#### [What you have to do]
Copy exactly the line containing "unfolding symp_eq_sum[OF assms(1)] .." and all lines after it, through the last line of the material below; omit everything before it.

Data shown section start

(* Let $\Omega\subset\mathbb{C}^n$ be an open connected subset and $f_m\colon\Omega\to\mathbb{C}^n$ ($m\in\mathbb{N}$) holomorphic maps converging locally uniformly to $\mathrm{id}|_\Omega\colon\Omega\to\mathbb{C}^n$. Let $D>0$ be an integer and assume there is a non-empty open relatively compact subset $\Omega'\subset\Omega$ such that $(f_m)^i(\overline{\Omega'})\subseteq\Omega$ for all iterates $i=1,\dots,D$ and all $m$, and $(f_m)^D=\mathrm{id}$ on $\Omega'$ for all $m$. Then $f_m=\mathrm{id}|_\Omega$ for all $m\gg0$. *)

theory Defs
  imports "HOL-Analysis.Analysis"
begin

definition complex_linear_vec :: "(complex^'n \<Rightarrow> complex^'m) \<Rightarrow> bool" where
  "complex_linear_vec L \<longleftrightarrow>
     (\<forall>x y. L (x + y) = L x + L y) \<and> (\<forall>c x. L (c *s x) = c *s L x)"

definition holomorphic_vec_on :: "(complex^'n \<Rightarrow> complex^'m) \<Rightarrow> (complex^'n) set \<Rightarrow> bool" where
  "holomorphic_vec_on f S \<longleftrightarrow>
     (\<forall>z\<in>S. \<exists>L. complex_linear_vec L \<and> (f has_derivative L) (at z))"

definition locally_uniform_limit :: "'a::topological_space set \<Rightarrow> (nat \<Rightarrow> 'a \<Rightarrow> 'b::metric_space) \<Rightarrow> ('a \<Rightarrow> 'b) \<Rightarrow> bool" where
  "locally_uniform_limit S f g \<longleftrightarrow>
     (\<forall>x\<in>S. \<exists>U. open U \<and> x \<in> U \<and> U \<subseteq> S \<and> uniform_limit U f g sequentially)"

end

theory Submission
  imports Defs "HOL-Complex_Analysis.Complex_Analysis"
begin

(* Write h = f m - id. For large m, h is uniformly small on a fixed neighbourhood of closure \<Omega>'.
   Every point w of the forward orbit P of \<Omega>' is D-periodic, so the displacements h ((f m ^^ i) w),
   i < D, telescope to zero and h w is the average of h w - h ((f m ^^ i) w). Restricting h to
   complex lines and applying Schwarz's lemma bounds these differences by a small multiple of
   |(f m ^^ i) w - w| <= D * sup_P |h|. Hence sup_P |h| <= sup_P |h| / 2, so f m = id on \<Omega>', and on
   all of \<Omega> by the identity theorem. *)

lemma norm_vector_smult_complex: "norm (c *s x) = norm c * norm (x :: complex^'n)"
  unfolding norm_vec_def by (simp add: norm_mult L2_set_right_distrib)
lemma Ccarrier_bounded:
  assumes g: "g \<in> Ccarrier nv"
  shows "\<exists>B. \<forall>x\<in>Zp nv. nv (g x) \<le> B"
proof (rule ccontr)
  assume "\<nexists>B. \<forall>x\<in>Zp nv. nv (g x) \<le> B"
  hence "\<forall>n::nat. \<exists>x. x \<in> Zp nv \<and> nv (g x) > real n"
    by (meson not_le)
  then obtain \<sigma> where "\<forall>n. \<sigma> n \<in> Zp nv \<and> nv (g (\<sigma> n)) > real n"
    by (rule choice[THEN exE])
  hence \<sigma>: "\<And>n. \<sigma> n \<in> Zp nv" "\<And>n. nv (g (\<sigma> n)) > real n"
    by auto
  obtain r :: "nat \<Rightarrow> nat" and l where r: "strict_mono r" and l: "l \<in> Zp nv"
    and lim: "\<And>e. e > 0 \<Longrightarrow> \<exists>N. \<forall>n\<ge>N. nv (\<sigma> (r n) - l) < e"
    using Zp_sequentially_compact[of \<sigma>, OF \<sigma>(1)] by blast
  obtain d where d: "d > 0" "\<forall>y\<in>Zp nv. nv (y - l) < d \<longrightarrow> nv (g y - g l) < 1"
    using Ccarrier_continuous[OF g l, of 1] by auto
  obtain N where N: "\<forall>n\<ge>N. nv (\<sigma> (r n) - l) < d"
    using lim[OF d(1)] by blast
  obtain n0 :: nat where n0: "real n0 > max 1 (nv (g l))"
    using reals_Archimedean2 by blast
  define n where "n = max N n0"
  have n: "n \<ge> N" "real n > max 1 (nv (g l))"
    using n0 unfolding n_def by auto
  have close: "nv (g (\<sigma> (r n)) - g l) < 1"
    using d(2) N n(1) \<sigma>(1) by blast
  have "nv (g (\<sigma> (r n))) \<le> max (nv (g (\<sigma> (r n)) - g l)) (nv (g l))"
    using nv_ultra[of "g (\<sigma> (r n)) - g l" "g l"] by simp
  also have "\<dots> \<le> max 1 (nv (g l))"
    using close by simp
  also have "\<dots> < real n"
    using n(2) .
  also have "\<dots> \<le> real (r n)"
    using strict_mono_imp_increasing[OF r] by simp
  finally show False
    using \<sigma>(2)[of "r n"] by simp
qed
lemma prime_ideal_if_maximal_disjoint:
  assumes M: "is_ideal M" "M \<inter> T = {}"
    and T: "1 \<in> T" "\<And>x y. x \<in> T \<Longrightarrow> y \<in> T \<Longrightarrow> x * y \<in> T"
    and maximal: "\<And>J. is_ideal J \<Longrightarrow> J \<inter> T = {} \<Longrightarrow> M \<subseteq> J \<Longrightarrow> J = M"
  shows "prime_ideal M"
proof -
  have meets_T: "\<exists>m r. m \<in> M \<and> m + r * a \<in> T" if "a \<notin> M" for a
  proof (rule ccontr)
    assume "\<not> ?thesis"
    then have "{m + r * a | m r. m \<in> M} \<inter> T = {}"
      by blast
    moreover have "M \<subseteq> {m + r * a | m r. m \<in> M}"
      by (metis (mono_tags, lifting) add_0_right mem_Collect_eq mult_zero_left subsetI)
    ultimately have "{m + r * a | m r. m \<in> M} = M"
      using maximal is_ideal_add_multiples[OF M(1)] by blast
    moreover have "a \<in> {m + r * a | m r. m \<in> M}"
      using ideal_zero[OF M(1)] by (metis (mono_tags, lifting) add_0 mem_Collect_eq mult_1)
    ultimately show False
      using that by blast
  qed
  have "a \<in> M \<or> b \<in> M" if ab: "a * b \<in> M" for a b
  proof (rule ccontr)
    assume "\<not> (a \<in> M \<or> b \<in> M)"
    then obtain m r m' r' where mr: "m \<in> M" "m + r * a \<in> T" "m' \<in> M" "m' + r' * b \<in> T"
      using meets_T by blast
    have "(m + r * a) * (m' + r' * b) = m * (m' + r' * b) + (r * a) * m' + (r * r') * (a * b)"
      by (simp add: algebra_simps)
    also have "\<dots> \<in> M"
      using mr ab by (simp add: ideal_add[OF M(1)] ideal_mult_left[OF M(1)] ideal_mult_right[OF M(1)])
    finally show False
      using T(2)[OF mr(2,4)] M(2) by blast
  qed
  then show ?thesis
    using M T(1) by (auto simp: prime_ideal_def)
qed

lemma ex_prime_ideal_disjoint:
  fixes T :: "'a::comm_ring_1 set"
  assumes "1 \<in> T" "0 \<notin> T" "\<And>x y. x \<in> T \<Longrightarrow> y \<in> T \<Longrightarrow> x * y \<in> T"
  shows "\<exists>Q. prime_ideal Q \<and> Q \<inter> T = {}"
proof -
  define A where "A = {I. is_ideal I \<and> I \<inter> T = {}}"
  have "\<exists>U\<in>A. \<forall>I\<in>C. I \<subseteq> U" if C: "C \<in> chains A" for C
  proof (cases "C = {}")
    case True
    have "{0} \<in> A"
      using assms(2) by (auto simp: A_def is_ideal_def)
    then show ?thesis
      using True by blast
  next
    case False
    then have "is_ideal (\<Union>C)"
      using C by (intro is_ideal_Union_chain) (auto simp: A_def dest: chainsD chainsD2)
    then have "\<Union>C \<in> A"
      using chainsD2[OF C] by (auto simp: A_def)
    then show ?thesis
      by blast
  qed
  then obtain M where "M \<in> A" "\<forall>J\<in>A. M \<subseteq> J \<longrightarrow> J = M"
    using Zorn_Lemma2[of A] by blast
  then have "prime_ideal M"
    using assms by (intro prime_ideal_if_maximal_disjoint[of M T]) (auto simp: A_def)
  then show ?thesis
    using \<open>M \<in> A\<close> by (auto simp: A_def)
qed

section \<open>Minimal primes and nilpotent elements\<close>

lemma prime_ideal_Inter_chain:
  assumes "C \<noteq> {}" "\<And>P. P \<in> C \<Longrightarrow> prime_ideal P"
    and "\<And>P Q. P \<in> C \<Longrightarrow> Q \<in> C \<Longrightarrow> P \<subseteq> Q \<or> Q \<subseteq> P"
  shows "prime_ideal (\<Inter>C)"
  unfolding prime_ideal_def
proof (intro conjI allI impI)
  show "is_ideal (\<Inter>C)"
    using assms(2) by (auto simp: prime_ideal_def is_ideal_def)
  show "\<Inter>C \<noteq> UNIV"
    using assms(1,2) prime_ideal_one by blast
next
  fix a b assume ab: "a * b \<in> \<Inter>C"
  show "a \<in> \<Inter>C \<or> b \<in> \<Inter>C"
  proof (rule ccontr)
    assume "\<not> ?thesis"
    then obtain P Q where "P \<in> C" "Q \<in> C" "a \<notin> P" "b \<notin> Q"
      by blast
    then show False
      using assms(3)[of P Q] ab prime_ideal_mult[OF assms(2)] by blast
  qed
qed

lemma ex_minimal_prime_subset:
  assumes "prime_ideal P"
  shows "\<exists>Q. minimal_prime Q \<and> Q \<subseteq> P"
proof -
  define A where "A = {Q. prime_ideal Q \<and> Q \<subseteq> P}"
  have po: "partial_order_on A (relation_of (\<lambda>x y. y \<subseteq> x) A)"
    by (auto simp: partial_order_on_def preorder_on_def refl_on_def trans_on_def
        antisym_on_def relation_of_def)
  have "\<exists>L\<in>A. \<forall>Q\<in>C. L \<subseteq> Q" if C: "C \<in> Chains (relation_of (\<lambda>x y. y \<subseteq> x) A)" for C
  proof (cases "C = {}")
    case True
    then show ?thesis
      using assms by (auto simp: A_def)
  next
    case False
    have "C \<subseteq> A" "\<And>P Q. P \<in> C \<Longrightarrow> Q \<in> C \<Longrightarrow> P \<subseteq> Q \<or> Q \<subseteq> P"
      using C by (auto simp: Chains_def relation_of_def)
    then have "\<Inter>C \<in> A"
      using False prime_ideal_Inter_chain[of C] by (auto simp: A_def) blast
    then show ?thesis
      by blast
  qed
  then obtain Q where "Q \<in> A" "\<forall>Q'\<in>A. Q' \<subseteq> Q \<longrightarrow> Q' = Q"
    using predicate_Zorn[OF po] by blast
  then have "minimal_prime Q"
    unfolding A_def minimal_prime_def by (metis (mono_tags, lifting) mem_Collect_eq order_trans)
  then show ?thesis
    using \<open>Q \<in> A\<close> by (auto simp: A_def)
qed

lemma in_minimal_primes_iff_nilpotent:
  fixes z :: "'a::comm_ring_1"
  shows "(\<forall>P. minimal_prime P \<longrightarrow> z \<in> P) \<longleftrightarrow> (\<exists>n. z ^ n = 0)"
proof
  assume in_min: "\<forall>P. minimal_prime P \<longrightarrow> z \<in> P"
  show "\<exists>n. z ^ n = 0"
  proof (rule ccontr)
    assume "\<not> ?thesis"
    then have "\<exists>Q. prime_ideal Q \<and> Q \<inter> range (\<lambda>n. z ^ n) = {}"
      by (intro ex_prime_ideal_disjoint) (auto simp flip: power_add intro: range_eqI[of _ _ 0])
    then obtain Q P where "prime_ideal Q" "Q \<inter> range (\<lambda>n. z ^ n) = {}" "minimal_prime P" "P \<subseteq> Q"
      using ex_minimal_prime_subset by blast
    then show False
      using in_min range_eqI[of "z" "\<lambda>n. z ^ n" 1] by auto
  qed
qed (auto intro: prime_ideal_nilpotent minimal_prime_prime)


lemma minimal_prime_nilpotent_multiple:
  assumes P: "minimal_prime P" and "a \<in> P"
  shows "\<exists>s. s \<notin> P \<and> (\<exists>n. (s * a) ^ n = 0)"
proof (rule ccontr)
  assume none: "\<not> ?thesis"
  have P_prime: "prime_ideal P"
    using P by (rule minimal_prime_prime)
  define T where "T = {s * a ^ n | s n. s \<notin> P}"
  have outside_T: "s \<in> T" if "s \<notin> P" for s
  proof -
    have "s = s * a ^ 0"
      by simp
    then show ?thesis
      unfolding T_def using that by blast
  qed
  txt \<open>A prime avoiding \<open>T\<close> lies in \<open>P\<close>, so equals \<open>P\<close> by minimality, yet \<open>a \<in> T\<close>.\<close>
  have "\<exists>Q. prime_ideal Q \<and> Q \<inter> T = {}"
  proof (rule ex_prime_ideal_disjoint)
    show "1 \<in> T"
      using outside_T prime_ideal_one[OF P_prime] by blast
  next
    show "0 \<notin> T"
    proof
      assume "0 \<in> T"
      then obtain s n where sn: "s * a ^ n = 0" "s \<notin> P"
        unfolding T_def by (auto dest: sym)
      have "(s * a) ^ Suc n = s ^ n * (s * a ^ n) * a"
        by (simp add: power_mult_distrib algebra_simps)
      then show False
        using none sn by (metis mult_zero_left mult_zero_right)
    qed
  next
    fix u v assume "u \<in> T" "v \<in> T"
    then obtain s n t m where "u = s * a ^ n" "v = t * a ^ m" "s \<notin> P" "t \<notin> P"
      unfolding T_def by blast
    then have "u * v = (s * t) * a ^ (n + m)" "s * t \<notin> P"
      using prime_ideal_mult[OF P_prime] by (auto simp: power_add algebra_simps)
    then show "u * v \<in> T"
      unfolding T_def by blast
  qed
  then obtain Q where Q: "prime_ideal Q" "Q \<inter> T = {}"
    by blast
  have "Q \<subseteq> P"
    using outside_T Q(2) by blast
  then have "Q = P"
    using P Q(1) by (simp add: minimal_prime_def)
  moreover have "a = 1 * a ^ 1"
    by simp
  then have "a \<in> T"
    unfolding T_def using prime_ideal_one[OF P_prime] by blast
  ultimately show False
    using Q(2) \<open>a \<in> P\<close> by blast
qed

lemma unit_one_plus_nilpotent:
  fixes z :: "'a::comm_ring_1"
  assumes "z ^ n = 0"
  shows "\<exists>w. (1 + z) * w = 1"
proof -
  have "1 - (- z) ^ n = (1 - (- z)) * (\<Sum>i<n. (- z) ^ i)"
    by (rule one_diff_power_eq)
  moreover have "(- z) ^ n = 0"
    using assms by (simp add: power_minus')
  ultimately show ?thesis
    by (metis diff_minus_eq_add diff_zero)
qed

lemma ideal_gen_subset: "S \<subseteq> ideal_gen S"
  by (auto simp: ideal_gen_def)

lemma ideal_gen_least: "is_ideal J \<Longrightarrow> S \<subseteq> J \<Longrightarrow> ideal_gen S \<subseteq> J"
  by (auto simp: ideal_gen_def)
text \<open>The logical outcomes are fixed \<open>\<int>\<^sub>2\<close>-linear functionals \<open>u\<^sup>L \<cdot> o\<close> of the physical
  outcomes, so a fault shifting \<open>o\<close> by \<open>f(e)\<close> shifts \<open>o\<^sub>L\<close> by \<open>(u\<^sup>L \<cdot> f(e))\<close>; this holds for
  every fault. It remains to identify \<open>u \<cdot> f(e)\<close>, the sum over the
  measurements \<open>j\<close> with \<open>u\<^sub>j = 1\<close> of \<open>\<langle>(e\<rightarrow>)\<^bsub>t\<^sub>j-0.5\<^esub>, M\<^sub>j\<rangle>\<close>, with \<open>\<langle>e, L'(u)\<rangle>\<close>. That sum is
  \<open>\<langle>e\<rightarrow>, F\<rangle>\<close> for \<open>F = \<Prod>\<^sub>j \<kappa>\<^bsub>t\<^sub>j-0.5\<^esub>(E\<^sub>j\<^bsup>u(j)\<^esup>)\<close>, and \<open>L'(u) = \<leftarrow>F\<close>. Since each Clifford preserves
  the commutation bracket, \<open>U\<close> and \<open>U\<^sup>\<dagger>\<close> are adjoint for it, and exchanging the two sums
  over time slices turns \<open>\<langle>e, \<leftarrow>F\<rangle>\<close> into \<open>\<langle>e\<rightarrow>, F\<rangle>\<close>. All parities are computed as sums in
  the field \<open>bit\<close>.\<close>

lemma of_nat_bit_eq_of_bool_odd: "(of_nat k :: bit) = of_bool (odd k)"
  by (induction k) auto

lemma of_bool_odd_card_eq_sum:
  assumes "finite A"
  shows "(of_bool (odd (card {x\<in>A. P x})) :: bit) = (\<Sum>x\<in>A. of_bool (P x))"
proof -
  have "{x\<in>A. P x} = A \<inter> {x. P x}" by blast
  then show ?thesis using assms by (simp only: sum_of_bool_eq of_nat_bit_eq_of_bool_odd)
qed

lemma of_bool_neq_bit: "(of_bool (a \<noteq> b) :: bit) = of_bool a + of_bool b"
  by (cases a; cases b) simp_all

lemma finite_nq [simp]: "finite (nq n)"
  by (simp add: nq_def)

lemma finite_stq [simp]: "finite (stq n T)"
  by (simp add: stq_def)

lemma symp_eq_sum:
  assumes "finite Q"
  shows "(of_bool (symp Q A B) :: bit)
    = (\<Sum>q\<in>Q. of_bool (fst A q) * of_bool (snd B q) + of_bool (snd A q) * of_bool (fst B q))"
  unfolding symp_def of_bool_odd_card_eq_sum[OF assms] of_bool_neq_bit of_bool_conj ..

lemma symp_commute: "symp Q A B = symp Q B A"
  unfolding symp_def by (rule arg_cong[where f = "\<lambda>S. odd (card S)"]) blast

lemma symp_pid_right [simp]: "symp Q A pid = False"
  by (simp add: symp_def pid_def)

lemma symp_pprod_left:
  assumes "finite Q" "finite I"
  shows "(of_bool (symp Q (pprod f I) C) :: bit) = (\<Sum>i\<in>I. of_bool (symp Q (f i) C))"
proof -
  have "(of_bool (symp Q (pprod f I) C) :: bit)
      = (\<Sum>q\<in>Q. (\<Sum>i\<in>I. of_bool (fst (f i) q)) * of_bool (snd C q)
               + (\<Sum>i\<in>I. of_bool (snd (f i) q)) * of_bool (fst C q))"
    unfolding symp_eq_sum[OF assms(1)] pprod_def fst_conv snd_conv
      of_bool_odd_card_eq_sum[OF assms(2)] ..
  also have "\<dots> = (\<Sum>q\<in>Q. \<Sum>i\<in>I. of_bool (fst (f i) q) * of_bool (snd C q)
                               + of_bool (snd (f i) q) * of_bool (fst C q))"
    by (simp only: sum_distrib_right sum.distrib)
  also have "\<dots> = (\<Sum>i\<in>I. \<Sum>q\<in>Q. of_bool (fst (f i) q) * of_bool (snd C q)
                               + of_bool (snd (f i) q) * of_bool (fst C q))"
    by (rule sum.swap)
  also have "\<dots> = (\<Sum>i\<in>I. of_bool (symp Q (f i) C))"
    unfolding symp_eq_sum[OF assms(1)] ..
  finally show ?thesis .
qed

lemma symp_pprod_right:
  assumes "finite Q" "finite I"
  shows "(of_bool (symp Q C (pprod f I)) :: bit) = (\<Sum>i\<in>I. of_bool (symp Q C (f i)))"
  using symp_pprod_left[OF assms] by (simp add: symp_commute)

lemma is_pauli_pprod:
  assumes "\<And>i. i \<in> I \<Longrightarrow> is_pauli Q (f i)"
  shows "is_pauli Q (pprod f I)"
  unfolding is_pauli_def pprod_def fst_conv snd_conv
proof (intro allI impI)
  fix q assume "q \<notin> Q"
  then have none: "{i\<in>I. fst (f i) q} = {}" "{i\<in>I. snd (f i) q} = {}"
    using assms by (auto simp: is_pauli_def)
  show "\<not> odd (card {i\<in>I. fst (f i) q}) \<and> \<not> odd (card {i\<in>I. snd (f i) q})"
    unfolding none by simp
qed

lemma symp_stq_eq_sum_slc:
  "(of_bool (symp (stq n T) A B) :: bit)
    = (\<Sum>t\<in>{1..T+1}. of_bool (symp (nq n) (slc A t) (slc B t)))"
proof -
  define g :: "nat \<Rightarrow> nat \<Rightarrow> bit" where
    "g q t = of_bool (fst A (q,t)) * of_bool (snd B (q,t)) + of_bool (snd A (q,t)) * of_bool (fst B (q,t))"
    for q t
  have "(of_bool (symp (stq n T) A B) :: bit) = (\<Sum>(q,t)\<in>{..<n} \<times> {1..T+1}. g q t)"
    unfolding symp_eq_sum[OF finite_stq] by (rule sum.cong) (auto simp: g_def stq_def)
  also have "\<dots> = (\<Sum>t\<in>{1..T+1}. \<Sum>q\<in>{..<n}. g q t)"
    by (simp only: sum.cartesian_product[symmetric] sum.swap[of _ "{..<n}"])
  also have "\<dots> = (\<Sum>t\<in>{1..T+1}. of_bool (symp (nq n) (slc A t) (slc B t)))"
    unfolding symp_eq_sum[OF finite_nq] g_def
    by (simp only: nq_def slc_def fst_conv snd_conv)
  finally show ?thesis .
qed

lemma symp_slc_mkst:
  assumes "t \<in> {1..T+1}"
  shows "symp (nq n) (slc (mkst n T G) t) X = symp (nq n) (G t) X"
proof -
  have "{q\<in>nq n. (fst (slc (mkst n T G) t) q \<and> snd X q) \<noteq> (snd (slc (mkst n T G) t) q \<and> fst X q)}
      = {q\<in>nq n. (fst (G t) q \<and> snd X q) \<noteq> (snd (G t) q \<and> fst X q)}"
    using assms by (auto simp: nq_def slc_def mkst_def)
  then show ?thesis unfolding symp_def by simp
qed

Data shown section end

#### [Written solution]
    unfolding symp_eq_sum[OF assms(1)] ..
  finally show ?thesis .
qed

lemma symp_pprod_right:
  assumes "finite Q" "finite I"
  shows "(of_bool (symp Q C (pprod f I)) :: bit) = (\<Sum>i\<in>I. of_bool (symp Q C (f i)))"
  using symp_pprod_left[OF assms] by (simp add: symp_commute)

lemma is_pauli_pprod:
  assumes "\<And>i. i \<in> I \<Longrightarrow> is_pauli Q (f i)"
  shows "is_pauli Q (pprod f I)"
  unfolding is_pauli_def pprod_def fst_conv snd_conv
proof (intro allI impI)
  fix q assume "q \<notin> Q"
  then have none: "{i\<in>I. fst (f i) q} = {}" "{i\<in>I. snd (f i) q} = {}"
    using assms by (auto simp: is_pauli_def)
  show "\<not> odd (card {i\<in>I. fst (f i) q}) \<and> \<not> odd (card {i\<in>I. snd (f i) q})"
    unfolding none by simp
qed

lemma symp_stq_eq_sum_slc:
  "(of_bool (symp (stq n T) A B) :: bit)
    = (\<Sum>t\<in>{1..T+1}. of_bool (symp (nq n) (slc A t) (slc B t)))"
proof -
  define g :: "nat \<Rightarrow> nat \<Rightarrow> bit" where
    "g q t = of_bool (fst A (q,t)) * of_bool (snd B (q,t)) + of_bool (snd A (q,t)) * of_bool (fst B (q,t))"
    for q t
  have "(of_bool (symp (stq n T) A B) :: bit) = (\<Sum>(q,t)\<in>{..<n} \<times> {1..T+1}. g q t)"
    unfolding symp_eq_sum[OF finite_stq] by (rule sum.cong) (auto simp: g_def stq_def)
  also have "\<dots> = (\<Sum>t\<in>{1..T+1}. \<Sum>q\<in>{..<n}. g q t)"
    by (simp only: sum.cartesian_product[symmetric] sum.swap[of _ "{..<n}"])
  also have "\<dots> = (\<Sum>t\<in>{1..T+1}. of_bool (symp (nq n) (slc A t) (slc B t)))"
    unfolding symp_eq_sum[OF finite_nq] g_def
    by (simp only: nq_def slc_def fst_conv snd_conv)
  finally show ?thesis .
qed

lemma symp_slc_mkst:
  assumes "t \<in> {1..T+1}"
  shows "symp (nq n) (slc (mkst n T G) t) X = symp (nq n) (G t) X"
proof -
  have "{q\<in>nq n. (fst (slc (mkst n T G) t) q \<and> snd X q) \<noteq> (snd (slc (mkst n T G) t) q \<and> fst X q)}
      = {q\<in>nq n. (fst (G t) q \<and> snd X q) \<noteq> (snd (G t) q \<and> fst X q)}"
    using assms by (auto simp: nq_def slc_def mkst_def)
  then show ?thesis unfolding symp_def by simp
qed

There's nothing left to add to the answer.